text \<open>Equal labels force equal blocks because the label intervals are disjoint; within a block
the graph is a path, so the distance is the difference of positions.\<close>

lemma block_label_eq_imp_gdist:
  assumes sep: "separated_starts d n"
    and u: "u \<in> block_vertices d n" and v: "v \<in> block_vertices d n"
    and "u \<noteq> v" and same: "block_label d u = block_label d v"
  shows "gdist (path_edge (block_vertices d n)) u v = enat (block_label d u)"
proof -
  obtain b p where bp: "b \<le> n" "p < 4 * d b - 2" "u = block_offset d b + p"
    using block_vertices_cases[OF u] .
  obtain b' q where bq: "b' \<le> n" "q < 4 * d b' - 2" "v = block_offset d b' + q"
    using block_vertices_cases[OF v] .
  have lu: "block_label d u \<in> {d b..3 * d b - 2}" and lv: "block_label d v \<in> {d b'..3 * d b' - 2}"
    using bp bq path_label_range[OF separated_starts_pos[OF sep]] block_label_offset by auto
  have "b = b'"
  proof (rule ccontr)
    assume "b \<noteq> b'"
    then consider "b < b'" | "b' < b" by linarith
    then show False
      by cases (use separated_starts_gap[OF sep _ bq(1), of b]
          separated_starts_gap[OF sep _ bp(1), of b'] lu lv same in auto)
  qed
  then have labels: "block_label d u = path_label (d b) p" "block_label d v = path_label (d b) q"
    using bp bq block_label_offset by auto
  have "nat \<bar>int p - int q\<bar> = block_label d u"
  proof (cases "p < q")
    case True
    then show ?thesis
      using path_label_eq_imp_dist[OF separated_starts_pos[OF sep bp(1)] _ True] bq \<open>b = b'\<close>
        labels same by auto
  next
    case False
    then have "q < p" using bp bq \<open>b = b'\<close> \<open>u \<noteq> v\<close> by auto
    then have "p - q = path_label (d b) q"
      using path_label_eq_imp_dist[OF separated_starts_pos[OF sep bp(1)] bp(2)] labels same
      by auto
    then show ?thesis using \<open>q < p\<close> labels same by simp
  qed
  moreover have "nat \<bar>int u - int v\<bar> = nat \<bar>int p - int q\<bar>" using bp bq \<open>b = b'\<close> by simp
  moreover have "{min u v..max u v} \<subseteq> block_vertices d n"
  proof
    fix x assume "x \<in> {min u v..max u v}"
    then have "x \<in> {block_offset d b..<block_offset d b + (4 * d b - 2)}"
      using bp bq \<open>b = b'\<close> by auto
    then show "x \<in> block_vertices d n" using bp(1) unfolding block_vertices_def by auto
  qed
  ultimately show ?thesis using gdist_path_edge[of u v] by simp
qed

lemma delta_set_interval_union:
  assumes sep: "separated_starts d n"
  shows "delta_set (interval_union d n)"
proof -
  let ?V = "block_vertices d n" and ?f = "block_label d"
  have "simple_graph ?V (path_edge ?V)"
    unfolding simple_graph_def path_edge_def block_vertices_def by auto
  moreover have "?f ` ?V = interval_union d n"
    using block_label_in_interval_union[OF sep] block_label_attained_twice[OF sep] by blast
  moreover have "finite (interval_union d n)" unfolding interval_union_def by auto
  moreover have "\<exists>u\<in>?V. \<exists>v\<in>?V. u \<noteq> v \<and> ?f u = x \<and> ?f v = x" if "x \<in> interval_union d n" for x
    using block_label_attained_twice[OF sep that] by metis
  ultimately show ?thesis
    unfolding delta_set_def proper_distance_labeling_def distance_labeling_def
    using block_label_eq_imp_gdist[OF sep] by blast
qed

lemma interval_union_ge_start:
  assumes sep: "separated_starts d n" and "x \<in> interval_union d n"
  shows "d 0 \<le> x"
proof -
  obtain b where b: "b \<le> n" "d b \<le> x" using assms(2) unfolding interval_union_def by auto
  have "d 0 \<le> 3 * d 0 - 2" using separated_starts_pos[OF sep] by simp
  then have "d 0 \<le> d b" using separated_starts_gap[OF sep _ b(1), of 0] by (cases b) auto
  with b show ?thesis by simp
qed

lemma interval_union_gap_empty:
  assumes sep: "separated_starts d n" and "b < n" and "x \<in> interval_union d n"
  shows "\<not> (3 * d b - 2 < x \<and> x < d (Suc b))"
proof
  assume between: "3 * d b - 2 < x \<and> x < d (Suc b)"
  obtain c where c: "c \<le> n" "x \<in> {d c..3 * d c - 2}"
    using assms(3) unfolding interval_union_def by auto
  consider "c < Suc b" | "Suc b \<le> c" by linarith
  then show False
  proof cases
    case 1
    then have "3 * d c - 2 \<le> 3 * d b - 2"
      using separated_starts_gap[OF sep _ , of c b] \<open>b < n\<close> separated_starts_pos[OF sep, of c]
      by (cases "c = b") auto
    then show False using c between by simp
  next
    case 2
    then have "d (Suc b) \<le> d c"
      using separated_starts_gap[OF sep _ c(1), of "Suc b"] separated_starts_pos[OF sep, of "Suc b"]
        \<open>b < n\<close> by (cases "c = Suc b") auto
    then show False using c between by simp
  qed
qed

lemma finite_set_enumeration:
  fixes A :: "nat set"
  assumes "finite A"
  obtains s where "strict_mono_on {1..card A} s" "s ` {1..card A} = A"
proof
  let ?xs = "sorted_list_of_set A"
  let ?s = "\<lambda>i. ?xs ! (i - 1)"
  show "strict_mono_on {1..card A} ?s"
    by (rule strict_mono_onI) (auto intro: sorted_wrt_nth_less)
  have "{1..card A} = Suc ` {..<length ?xs}" by (simp add: image_Suc_lessThan)
  then have "?s ` {1..card A} = set ?xs" by (auto simp: image_image in_set_conv_nth)
  then show "?s ` {1..card A} = A" using assms by simp
qed

lemma enumeration_index:
  fixes s :: "nat \<Rightarrow> 'a::linorder"
  assumes "strict_mono_on {1..l} s" "s ` {1..l} = A" "x \<in> A"
  shows "the_inv_into {1..l} s x \<in> {1..l}" "s (the_inv_into {1..l} s x) = x"
proof -
  have inj: "inj_on s {1..l}" using strict_mono_on_imp_inj_on[OF assms(1)] .
  have "x \<in> s ` {1..l}" using assms(2,3) by simp
  then show "the_inv_into {1..l} s x \<in> {1..l}" "s (the_inv_into {1..l} s x) = x"
    using the_inv_into_into[OF inj _ order_refl] f_the_inv_into_f[OF inj] by auto
qed

lemma enumeration_index_less:
  fixes s :: "nat \<Rightarrow> 'a::linorder"
  assumes "strict_mono_on {1..l} s" "s ` {1..l} = A" "x \<in> A" "y \<in> A" "x < y"
  shows "the_inv_into {1..l} s x < the_inv_into {1..l} s y"
  using enumeration_index[OF assms(1,2)] assms(3-5) strict_mono_on_less[OF assms(1)] by metis

lemma enumeration_index_succ:
  fixes s :: "nat \<Rightarrow> 'a::linorder"
  assumes mono: "strict_mono_on {1..l} s" and im: "s ` {1..l} = A"
    and "x \<in> A" "y \<in> A" "x < y" and gap: "\<forall>z\<in>A. \<not> (x < z \<and> z < y)"
  shows "the_inv_into {1..l} s y = the_inv_into {1..l} s x + 1"
proof -
  let ?i = "the_inv_into {1..l} s x" and ?j = "the_inv_into {1..l} s y"
  have i: "?i \<in> {1..l}" "s ?i = x" and j: "?j \<in> {1..l}" "s ?j = y"
    using enumeration_index[OF mono im] assms(3,4) by auto
  have "?i < ?j" using enumeration_index_less[OF mono im] assms(3-5) .
  then have succ: "?i + 1 \<in> {1..l}" using i j by auto
  show ?thesis
  proof (rule ccontr)
    assume "?j \<noteq> ?i + 1"
    with \<open>?i < ?j\<close> have "?i < ?i + 1" "?i + 1 < ?j" by auto
    then have "x < s (?i + 1)" "s (?i + 1) < y"
      using strict_mono_onD[OF mono] i j succ by metis+
    moreover have "s (?i + 1) \<in> A" using im succ by auto
    ultimately show False using gap by blast
  qed
qed

lemma enumeration_first:
  fixes s :: "nat \<Rightarrow> 'a::linorder"
  assumes "strict_mono_on {1..l} s" "s ` {1..l} = A" "x \<in> A" "\<forall>y\<in>A. x \<le> y"
  shows "s 1 = x"
proof -
  obtain t where t: "t \<in> {1..l}" "s t = x" using assms(2,3) by auto
  then have "s 1 \<le> x" using strict_mono_on_leD[OF assms(1), of 1 t] by auto
  moreover have "s 1 \<in> A" using assms(2) t by auto
  ultimately show ?thesis using assms(4) by (simp add: antisym)
qed

lemma interval_union_enumeration_first:
  fixes s :: "nat \<Rightarrow> nat"
  assumes sep: "separated_starts d n"
    and mono: "strict_mono_on {1..l} s" and im: "s ` {1..l} = interval_union d n"
  shows "s 1 = d 0"
  using enumeration_first[OF mono im] separated_starts_endpoints[OF sep]
    interval_union_ge_start[OF sep] by blast

lemma interval_union_enumeration_gap:
  fixes s :: "nat \<Rightarrow> nat"
  assumes sep: "separated_starts d n"
    and mono: "strict_mono_on {1..l} s" and im: "s ` {1..l} = interval_union d n"
    and "b < n"
  defines "t \<equiv> the_inv_into {1..l} s (3 * d b - 2)"
  shows "1 \<le> t" "t + 1 < l" "s t = 3 * d b - 2" "s (t + 1) = d (Suc b)"
proof -
  let ?idx = "the_inv_into {1..l} s"
  have ends: "d c \<in> interval_union d n" "3 * d c - 2 \<in> interval_union d n" if "c \<le> n" for c
    using separated_starts_endpoints[OF sep that] by auto
  show "1 \<le> t" "s t = 3 * d b - 2"
    unfolding t_def using enumeration_index[OF mono im ends(2)[of b]] \<open>b < n\<close> by auto
  have succ: "?idx (d (Suc b)) = t + 1"
    unfolding t_def
    by (rule enumeration_index_succ[OF mono im])
       (use ends[of b] ends[of "Suc b"] \<open>b < n\<close> sep interval_union_gap_empty[OF sep]
         in \<open>auto simp: separated_starts_def\<close>)
  then show "s (t + 1) = d (Suc b)"
    using enumeration_index(2)[OF mono im ends(1)[of "Suc b"]] \<open>b < n\<close> by simp
  have "?idx (d (Suc b)) < ?idx (3 * d (Suc b) - 2)"
    using enumeration_index_less[OF mono im] ends[of "Suc b"] \<open>b < n\<close>
      separated_starts_lower_less_upper[OF sep, of "Suc b"] by auto
  moreover have "?idx (3 * d (Suc b) - 2) \<le> l"
    using enumeration_index(1)[OF mono im ends(2)[of "Suc b"]] \<open>b < n\<close> by simp
  ultimately show "t + 1 < l" using succ by simp
qed

fun interval_start :: "(nat \<Rightarrow> nat) \<Rightarrow> nat \<Rightarrow> nat \<Rightarrow> nat" where
  "interval_start k s1 0 = s1"
| "interval_start k s1 (Suc b) = 3 * interval_start k s1 b - 2 + k (Suc b)"

lemma separated_starts_interval_start:
  "0 < s1 \<Longrightarrow> \<forall>i\<in>{1..n}. 0 < k i \<Longrightarrow> separated_starts (interval_start k s1) n"
  unfolding separated_starts_def by auto

theorem mainTheorem9:
  fixes k :: "nat \<Rightarrow> nat" and n :: nat and s1 :: nat
  assumes kpos: "\<forall>i\<in>{1..n}. 0 < k i"
    and kinc: "strict_mono_on {1..n} k"
    and s1pos: "0 < s1"
  shows "\<exists>\<Sigma> (s :: nat \<Rightarrow> nat) (l :: nat) (j :: nat \<Rightarrow> nat).
           delta_set \<Sigma> \<and> strict_mono_on {1..l} s \<and> \<Sigma> = s ` {1..l} \<and> s 1 = s1 \<and>
           strict_mono_on {1..n} j \<and> (\<forall>i\<in>{1..n}. 1 \<le> j i \<and> j i < l - 1) \<and>
           (\<forall>i\<in>{1..n}. s (j i + 1) - s (j i) = k i)"
proof -
  define d where "d = interval_start k s1"
  define U where "U = interval_union d n"
  define l where "l = card U"
  have sep: "separated_starts d n"
    unfolding d_def using separated_starts_interval_start[OF s1pos kpos] .
  obtain s where mono: "strict_mono_on {1..l} s" and im: "s ` {1..l} = U"
    using finite_set_enumeration[of U] unfolding l_def U_def interval_union_def by auto
  define j where "j i = the_inv_into {1..l} s (3 * d (i - 1) - 2)" for i
  note gap = interval_union_enumeration_gap[OF sep mono im[unfolded U_def]]
  have "s 1 = s1"
    using interval_union_enumeration_first[OF sep mono] im by (simp add: U_def d_def)
  moreover have "strict_mono_on {1..n} j"
    by (rule strict_mono_onI, unfold j_def, rule enumeration_index_less[OF mono im])
       (use separated_starts_endpoints[OF sep] separated_starts_upper_less[OF sep]
         in \<open>auto simp: U_def\<close>)
  moreover have "1 \<le> j i \<and> j i < l - 1 \<and> s (j i + 1) - s (j i) = k i" if "i \<in> {1..n}" for i
    using gap[of "i - 1"] that unfolding j_def by (cases i) (auto simp: d_def)
  ultimately show ?thesis
    using delta_set_interval_union[OF sep] mono im unfolding U_def by blast
qed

#####

The line above containing "sep] by simp", the line containing "using assms(3) unfolding", and every line between them are to be transcribed exactly; no other line is wanted.

  have "d 0 \<le> 3 * d 0 - 2" using separated_starts_pos[OF sep] by simp
  then have "d 0 \<le> d b" using separated_starts_gap[OF sep _ b(1), of 0] by (cases b) auto
  with b show ?thesis by simp
qed

lemma interval_union_gap_empty:
  assumes sep: "separated_starts d n" and "b < n" and "x \<in> interval_union d n"
  shows "\<not> (3 * d b - 2 < x \<and> x < d (Suc b))"
proof
  assume between: "3 * d b - 2 < x \<and> x < d (Suc b)"
  obtain c where c: "c \<le> n" "x \<in> {d c..3 * d c - 2}"
    using assms(3) unfolding interval_union_def by auto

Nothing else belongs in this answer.